lemma labels_journey_FSchutz_if_below:
  assumes w: "term_over X w" and u: "term_over X u" and below: "tval S \<iota> w \<preceq> tval S \<iota> u"
  shows "labels_journey S \<iota> (FSchutz S X \<iota> w) (cls S \<one>) (cls S (tval S \<iota> w)) u"
proof -
  define v where "v = tconcat u (tconcat (tinverse u) w)"
  have v: "term_over X v"
    unfolding v_def using term_over_tconcat term_over_tinverse u w by blast
  have "tval S \<iota> v = tval S \<iota> w"
    unfolding v_def tval_tconcat tval_tinverse using mul_inv_mul_eq_if_below[OF below] .
  have "gsub (journey_span S \<iota> (cls S \<one>) u) (FSchutz S X \<iota> w)"
    unfolding FSchutz_def
  proof (rule gsub_cS_closureI)
    fix E
    assume closed: "cS_closed S X \<iota> E" and sub: "gsub (journey_span S \<iota> (cls S \<one>) w) E"
    have "cls S \<one> \<in> fst E" "cls S (tval S \<iota> w) \<in> fst E"
      using journey_span_start_vertex[of \<one> \<iota> w] journey_span_end_vertex[of \<one> \<iota> w] sub
      unfolding gsub_def by auto
    moreover have "labels_journey S \<iota> E (cls S \<one>) (cls S (tval S \<iota> w)) w"
      unfolding labels_journey_def gmul_cls using sub by simp
    ultimately have "labels_journey S \<iota> E (cls S \<one>) (cls S (tval S \<iota> w)) v"
      using closed w v \<open>tval S \<iota> v = tval S \<iota> w\<close> unfolding cS_closed_def by metis
    then show "gsub (journey_span S \<iota> (cls S \<one>) u) E"
      using journey_span_tconcat gsub_trans unfolding labels_journey_def v_def by blast
  qed
  moreover have "gmul S (cls S \<one>) (cls S (tval S \<iota> u)) = cls S (tval S \<iota> w)"
    unfolding gmul_cls cls_eq_iff using below_sigma[OF below] sigma_sym by simp
  ultimately show ?thesis
    unfolding labels_journey_def by simp
qed

end

theorem mainTheorem4:
  fixes S :: "'s FIM" and X :: "'x set" and \<iota> :: "'x \<Rightarrow> 's"
    and w u :: "'x fterm"
  assumes "F_inverse_monoid S"
    and "X_generated S X \<iota>"
    and "term_over X w"
    and "term_over X u"
  shows "labels_journey S \<iota> (FSchutz S X \<iota> w) (cls S (sone S)) (cls S (tval S \<iota> w)) u
         \<longleftrightarrow> nat_le S (tval S \<iota> w) (tval S \<iota> u)"
proof -
  interpret F_inv_monoid S
    using assms(1) by unfold_locales
  show ?thesis
    using below_if_labels_journey_FSchutz labels_journey_FSchutz_if_below assms(3,4) by blast
qed

end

++++++++++

▶ _WHAT NEEDS TO BE DONE_: Go through the records. Copy each line where "unfolding" appears.

▶ _FINAL ANSWER_:
    unfolding v_def using term_over_tconcat term_over_tinverse u w by blast
    unfolding v_def tval_tconcat tval_tinverse using mul_inv_mul_eq_if_below[OF below] .
    unfolding FSchutz_def
      unfolding gsub_def by auto
      unfolding labels_journey_def gmul_cls using sub by simp
      using closed w v \<open>tval S \<iota> v = tval S \<iota> w\<close> unfolding cS_closed_def by metis
      using journey_span_tconcat gsub_trans unfolding labels_journey_def v_def by blast
    unfolding gmul_cls cls_eq_iff using below_sigma[OF below] sigma_sym by simp
    unfolding labels_journey_def by simp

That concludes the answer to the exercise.